> **ASSIGNMENT**
Starting at the line with "obtains U where" and going on through the line with "n) < measure", reproduce each line in the records below exactly and nothing more.

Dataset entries
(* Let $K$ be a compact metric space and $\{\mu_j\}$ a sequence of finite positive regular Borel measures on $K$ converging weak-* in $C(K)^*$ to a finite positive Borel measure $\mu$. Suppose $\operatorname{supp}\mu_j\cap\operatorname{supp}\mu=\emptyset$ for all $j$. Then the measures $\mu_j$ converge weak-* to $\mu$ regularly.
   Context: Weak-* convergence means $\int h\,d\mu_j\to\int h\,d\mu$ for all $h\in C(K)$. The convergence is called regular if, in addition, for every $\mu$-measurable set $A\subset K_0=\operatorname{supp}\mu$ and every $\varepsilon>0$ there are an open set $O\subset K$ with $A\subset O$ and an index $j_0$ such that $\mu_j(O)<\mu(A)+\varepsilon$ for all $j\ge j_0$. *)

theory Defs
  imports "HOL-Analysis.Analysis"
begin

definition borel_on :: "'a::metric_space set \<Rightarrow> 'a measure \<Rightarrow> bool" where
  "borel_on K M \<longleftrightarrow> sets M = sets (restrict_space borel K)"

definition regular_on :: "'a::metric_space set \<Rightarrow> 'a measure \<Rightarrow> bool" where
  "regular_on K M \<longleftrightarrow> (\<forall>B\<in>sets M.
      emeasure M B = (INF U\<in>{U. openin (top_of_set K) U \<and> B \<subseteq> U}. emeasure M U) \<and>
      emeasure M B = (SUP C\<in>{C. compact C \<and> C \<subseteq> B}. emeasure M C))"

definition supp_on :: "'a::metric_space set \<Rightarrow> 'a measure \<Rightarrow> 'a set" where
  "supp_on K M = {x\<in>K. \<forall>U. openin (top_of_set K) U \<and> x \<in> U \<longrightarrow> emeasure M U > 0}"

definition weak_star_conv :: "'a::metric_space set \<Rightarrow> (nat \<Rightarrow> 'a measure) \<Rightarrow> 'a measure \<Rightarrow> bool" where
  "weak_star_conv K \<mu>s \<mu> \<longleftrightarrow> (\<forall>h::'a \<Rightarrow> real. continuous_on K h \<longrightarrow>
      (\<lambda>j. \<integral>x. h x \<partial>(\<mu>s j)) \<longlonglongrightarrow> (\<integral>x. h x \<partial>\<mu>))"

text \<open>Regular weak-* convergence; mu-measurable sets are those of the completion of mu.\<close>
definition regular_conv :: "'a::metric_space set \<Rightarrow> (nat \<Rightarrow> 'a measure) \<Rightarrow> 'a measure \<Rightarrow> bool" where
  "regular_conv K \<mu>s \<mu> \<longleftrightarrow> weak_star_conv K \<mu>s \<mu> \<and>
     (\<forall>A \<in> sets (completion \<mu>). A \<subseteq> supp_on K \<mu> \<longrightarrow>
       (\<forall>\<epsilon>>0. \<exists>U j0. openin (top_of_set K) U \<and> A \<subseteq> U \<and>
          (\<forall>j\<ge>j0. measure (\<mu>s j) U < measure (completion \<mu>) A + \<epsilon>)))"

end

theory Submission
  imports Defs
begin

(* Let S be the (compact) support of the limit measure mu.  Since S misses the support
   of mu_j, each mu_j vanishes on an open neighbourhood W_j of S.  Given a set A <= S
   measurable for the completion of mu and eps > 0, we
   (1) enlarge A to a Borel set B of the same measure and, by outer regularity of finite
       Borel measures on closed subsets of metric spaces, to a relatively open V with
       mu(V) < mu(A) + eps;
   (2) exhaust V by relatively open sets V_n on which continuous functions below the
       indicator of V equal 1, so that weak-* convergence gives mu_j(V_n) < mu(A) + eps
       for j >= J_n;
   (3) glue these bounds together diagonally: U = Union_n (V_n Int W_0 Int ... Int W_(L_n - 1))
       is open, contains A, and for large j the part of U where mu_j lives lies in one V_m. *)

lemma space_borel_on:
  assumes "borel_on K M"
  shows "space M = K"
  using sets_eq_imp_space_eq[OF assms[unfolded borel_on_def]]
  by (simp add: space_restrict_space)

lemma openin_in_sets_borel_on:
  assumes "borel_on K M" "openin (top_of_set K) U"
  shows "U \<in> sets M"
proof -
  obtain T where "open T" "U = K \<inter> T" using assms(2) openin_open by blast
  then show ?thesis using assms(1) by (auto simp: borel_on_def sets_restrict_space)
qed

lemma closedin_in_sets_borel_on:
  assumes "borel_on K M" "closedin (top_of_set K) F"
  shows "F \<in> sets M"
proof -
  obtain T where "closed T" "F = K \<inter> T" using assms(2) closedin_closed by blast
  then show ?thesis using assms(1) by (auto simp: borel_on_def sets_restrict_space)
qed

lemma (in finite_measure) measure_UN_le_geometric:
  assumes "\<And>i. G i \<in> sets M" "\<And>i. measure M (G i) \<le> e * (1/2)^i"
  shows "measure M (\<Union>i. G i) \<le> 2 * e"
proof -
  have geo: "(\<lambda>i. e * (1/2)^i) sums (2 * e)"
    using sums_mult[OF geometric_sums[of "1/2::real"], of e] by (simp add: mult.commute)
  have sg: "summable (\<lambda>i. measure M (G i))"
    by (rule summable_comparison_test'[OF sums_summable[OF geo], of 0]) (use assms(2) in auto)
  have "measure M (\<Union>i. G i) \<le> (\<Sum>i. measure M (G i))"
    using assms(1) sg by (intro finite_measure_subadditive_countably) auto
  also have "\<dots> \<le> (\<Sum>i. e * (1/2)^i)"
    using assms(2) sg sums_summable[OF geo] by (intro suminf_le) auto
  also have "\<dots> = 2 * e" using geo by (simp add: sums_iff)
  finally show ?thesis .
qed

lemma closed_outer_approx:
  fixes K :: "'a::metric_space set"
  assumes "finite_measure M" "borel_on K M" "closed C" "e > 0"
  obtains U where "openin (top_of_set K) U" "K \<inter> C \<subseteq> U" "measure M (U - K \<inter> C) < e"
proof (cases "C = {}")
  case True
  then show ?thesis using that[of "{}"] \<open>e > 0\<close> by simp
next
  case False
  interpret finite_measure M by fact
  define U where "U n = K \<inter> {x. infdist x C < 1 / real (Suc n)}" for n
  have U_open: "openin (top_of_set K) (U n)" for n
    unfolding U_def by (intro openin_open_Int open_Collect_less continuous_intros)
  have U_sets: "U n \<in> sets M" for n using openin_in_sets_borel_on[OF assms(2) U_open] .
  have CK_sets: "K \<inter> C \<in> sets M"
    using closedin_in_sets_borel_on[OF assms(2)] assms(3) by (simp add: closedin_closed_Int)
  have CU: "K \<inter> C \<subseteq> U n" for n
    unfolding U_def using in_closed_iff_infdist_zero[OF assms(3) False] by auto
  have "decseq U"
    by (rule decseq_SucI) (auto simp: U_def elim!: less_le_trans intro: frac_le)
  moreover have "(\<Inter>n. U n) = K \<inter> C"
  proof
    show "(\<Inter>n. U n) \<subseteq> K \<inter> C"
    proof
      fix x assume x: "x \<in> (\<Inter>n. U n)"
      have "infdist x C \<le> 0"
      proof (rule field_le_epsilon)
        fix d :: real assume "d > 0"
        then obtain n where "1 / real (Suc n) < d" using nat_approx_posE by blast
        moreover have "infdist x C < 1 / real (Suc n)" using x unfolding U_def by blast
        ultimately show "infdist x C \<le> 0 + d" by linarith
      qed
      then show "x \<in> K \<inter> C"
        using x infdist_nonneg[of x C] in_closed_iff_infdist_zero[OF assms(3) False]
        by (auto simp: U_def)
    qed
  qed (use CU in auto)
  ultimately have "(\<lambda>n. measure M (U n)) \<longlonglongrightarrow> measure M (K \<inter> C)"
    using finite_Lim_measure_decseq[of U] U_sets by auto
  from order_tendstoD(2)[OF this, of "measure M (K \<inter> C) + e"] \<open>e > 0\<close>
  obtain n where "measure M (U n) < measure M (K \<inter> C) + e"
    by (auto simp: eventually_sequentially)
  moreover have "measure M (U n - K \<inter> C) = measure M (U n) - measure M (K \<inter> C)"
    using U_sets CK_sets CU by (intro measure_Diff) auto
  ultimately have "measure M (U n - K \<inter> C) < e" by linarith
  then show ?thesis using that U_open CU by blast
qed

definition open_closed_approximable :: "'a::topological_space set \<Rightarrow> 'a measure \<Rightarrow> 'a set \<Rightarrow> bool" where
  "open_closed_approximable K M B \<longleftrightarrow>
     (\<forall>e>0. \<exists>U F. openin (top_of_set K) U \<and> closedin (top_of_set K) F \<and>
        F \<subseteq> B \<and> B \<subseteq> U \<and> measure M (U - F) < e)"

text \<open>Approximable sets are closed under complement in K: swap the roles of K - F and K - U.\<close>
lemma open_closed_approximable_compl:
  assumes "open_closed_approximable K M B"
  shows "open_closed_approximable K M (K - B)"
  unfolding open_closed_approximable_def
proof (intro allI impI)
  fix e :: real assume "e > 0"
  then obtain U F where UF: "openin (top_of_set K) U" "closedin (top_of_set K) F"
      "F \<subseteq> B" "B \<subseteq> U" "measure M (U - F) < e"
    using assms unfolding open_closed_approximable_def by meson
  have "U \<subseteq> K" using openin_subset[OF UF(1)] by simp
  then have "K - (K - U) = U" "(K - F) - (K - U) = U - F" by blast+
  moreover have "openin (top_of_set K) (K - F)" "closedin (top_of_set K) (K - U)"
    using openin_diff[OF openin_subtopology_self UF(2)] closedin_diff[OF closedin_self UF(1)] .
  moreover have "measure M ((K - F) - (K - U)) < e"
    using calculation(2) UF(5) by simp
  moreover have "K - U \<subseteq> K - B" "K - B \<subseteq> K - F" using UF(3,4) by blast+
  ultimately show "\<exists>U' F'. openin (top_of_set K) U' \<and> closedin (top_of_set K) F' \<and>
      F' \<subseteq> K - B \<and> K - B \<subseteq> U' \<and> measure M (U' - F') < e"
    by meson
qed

* * *

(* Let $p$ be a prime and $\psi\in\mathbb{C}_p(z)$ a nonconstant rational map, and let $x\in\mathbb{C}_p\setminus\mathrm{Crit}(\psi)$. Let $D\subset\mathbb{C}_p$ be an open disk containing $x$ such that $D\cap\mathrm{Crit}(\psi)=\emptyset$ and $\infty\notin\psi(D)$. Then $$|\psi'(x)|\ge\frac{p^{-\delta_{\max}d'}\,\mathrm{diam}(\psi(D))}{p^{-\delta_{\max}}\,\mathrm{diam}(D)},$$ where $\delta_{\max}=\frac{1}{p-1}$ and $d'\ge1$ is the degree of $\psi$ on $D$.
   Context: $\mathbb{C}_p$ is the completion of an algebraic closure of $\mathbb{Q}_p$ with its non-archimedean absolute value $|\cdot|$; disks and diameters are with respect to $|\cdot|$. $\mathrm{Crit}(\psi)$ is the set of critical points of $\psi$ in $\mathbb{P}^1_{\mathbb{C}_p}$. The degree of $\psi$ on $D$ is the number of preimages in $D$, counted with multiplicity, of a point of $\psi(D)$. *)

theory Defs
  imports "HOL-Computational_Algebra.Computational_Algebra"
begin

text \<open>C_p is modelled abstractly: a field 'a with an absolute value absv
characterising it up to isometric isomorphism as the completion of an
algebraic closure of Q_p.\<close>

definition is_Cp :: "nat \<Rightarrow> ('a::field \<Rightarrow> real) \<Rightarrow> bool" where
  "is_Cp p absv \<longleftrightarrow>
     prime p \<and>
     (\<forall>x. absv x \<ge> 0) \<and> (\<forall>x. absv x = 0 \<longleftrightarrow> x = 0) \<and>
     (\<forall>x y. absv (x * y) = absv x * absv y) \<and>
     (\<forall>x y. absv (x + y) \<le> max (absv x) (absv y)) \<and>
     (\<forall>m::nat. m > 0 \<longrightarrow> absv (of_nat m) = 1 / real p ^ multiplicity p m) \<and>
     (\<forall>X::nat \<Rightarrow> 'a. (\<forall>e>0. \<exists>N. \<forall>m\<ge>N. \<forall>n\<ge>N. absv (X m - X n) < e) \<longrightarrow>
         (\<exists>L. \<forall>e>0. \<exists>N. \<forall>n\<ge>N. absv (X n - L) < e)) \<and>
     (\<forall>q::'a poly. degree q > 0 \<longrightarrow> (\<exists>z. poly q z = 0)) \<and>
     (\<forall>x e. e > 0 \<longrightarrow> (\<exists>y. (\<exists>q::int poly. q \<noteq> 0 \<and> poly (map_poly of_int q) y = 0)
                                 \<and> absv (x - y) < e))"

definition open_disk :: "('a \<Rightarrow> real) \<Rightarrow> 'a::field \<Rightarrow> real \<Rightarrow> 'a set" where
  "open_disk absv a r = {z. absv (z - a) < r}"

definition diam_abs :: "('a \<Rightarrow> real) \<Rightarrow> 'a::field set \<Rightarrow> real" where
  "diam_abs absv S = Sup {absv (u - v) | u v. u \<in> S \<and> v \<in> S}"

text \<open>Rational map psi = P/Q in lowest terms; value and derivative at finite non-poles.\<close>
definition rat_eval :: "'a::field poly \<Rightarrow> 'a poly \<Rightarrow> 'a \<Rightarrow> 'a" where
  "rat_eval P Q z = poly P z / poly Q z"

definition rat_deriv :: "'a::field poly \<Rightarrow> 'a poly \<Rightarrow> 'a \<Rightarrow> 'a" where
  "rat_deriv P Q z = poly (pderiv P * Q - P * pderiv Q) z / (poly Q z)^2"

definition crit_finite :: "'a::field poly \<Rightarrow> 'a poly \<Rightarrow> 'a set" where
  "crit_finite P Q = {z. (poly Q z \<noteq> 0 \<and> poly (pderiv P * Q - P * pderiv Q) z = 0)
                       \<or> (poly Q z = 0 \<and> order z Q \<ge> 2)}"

> **RESPONSE AREA**
  obtains U where "openin (top_of_set K) U" "K \<inter> C \<subseteq> U" "measure M (U - K \<inter> C) < e"
proof (cases "C = {}")
  case True
  then show ?thesis using that[of "{}"] \<open>e > 0\<close> by simp
next
  case False
  interpret finite_measure M by fact
  define U where "U n = K \<inter> {x. infdist x C < 1 / real (Suc n)}" for n
  have U_open: "openin (top_of_set K) (U n)" for n
    unfolding U_def by (intro openin_open_Int open_Collect_less continuous_intros)
  have U_sets: "U n \<in> sets M" for n using openin_in_sets_borel_on[OF assms(2) U_open] .
  have CK_sets: "K \<inter> C \<in> sets M"
    using closedin_in_sets_borel_on[OF assms(2)] assms(3) by (simp add: closedin_closed_Int)
  have CU: "K \<inter> C \<subseteq> U n" for n
    unfolding U_def using in_closed_iff_infdist_zero[OF assms(3) False] by auto
  have "decseq U"
    by (rule decseq_SucI) (auto simp: U_def elim!: less_le_trans intro: frac_le)
  moreover have "(\<Inter>n. U n) = K \<inter> C"
  proof
    show "(\<Inter>n. U n) \<subseteq> K \<inter> C"
    proof
      fix x assume x: "x \<in> (\<Inter>n. U n)"
      have "infdist x C \<le> 0"
      proof (rule field_le_epsilon)
        fix d :: real assume "d > 0"
        then obtain n where "1 / real (Suc n) < d" using nat_approx_posE by blast
        moreover have "infdist x C < 1 / real (Suc n)" using x unfolding U_def by blast
        ultimately show "infdist x C \<le> 0 + d" by linarith
      qed
      then show "x \<in> K \<inter> C"
        using x infdist_nonneg[of x C] in_closed_iff_infdist_zero[OF assms(3) False]
        by (auto simp: U_def)
    qed
  qed (use CU in auto)
  ultimately have "(\<lambda>n. measure M (U n)) \<longlonglongrightarrow> measure M (K \<inter> C)"
    using finite_Lim_measure_decseq[of U] U_sets by auto
  from order_tendstoD(2)[OF this, of "measure M (K \<inter> C) + e"] \<open>e > 0\<close>
  obtain n where "measure M (U n) < measure M (K \<inter> C) + e"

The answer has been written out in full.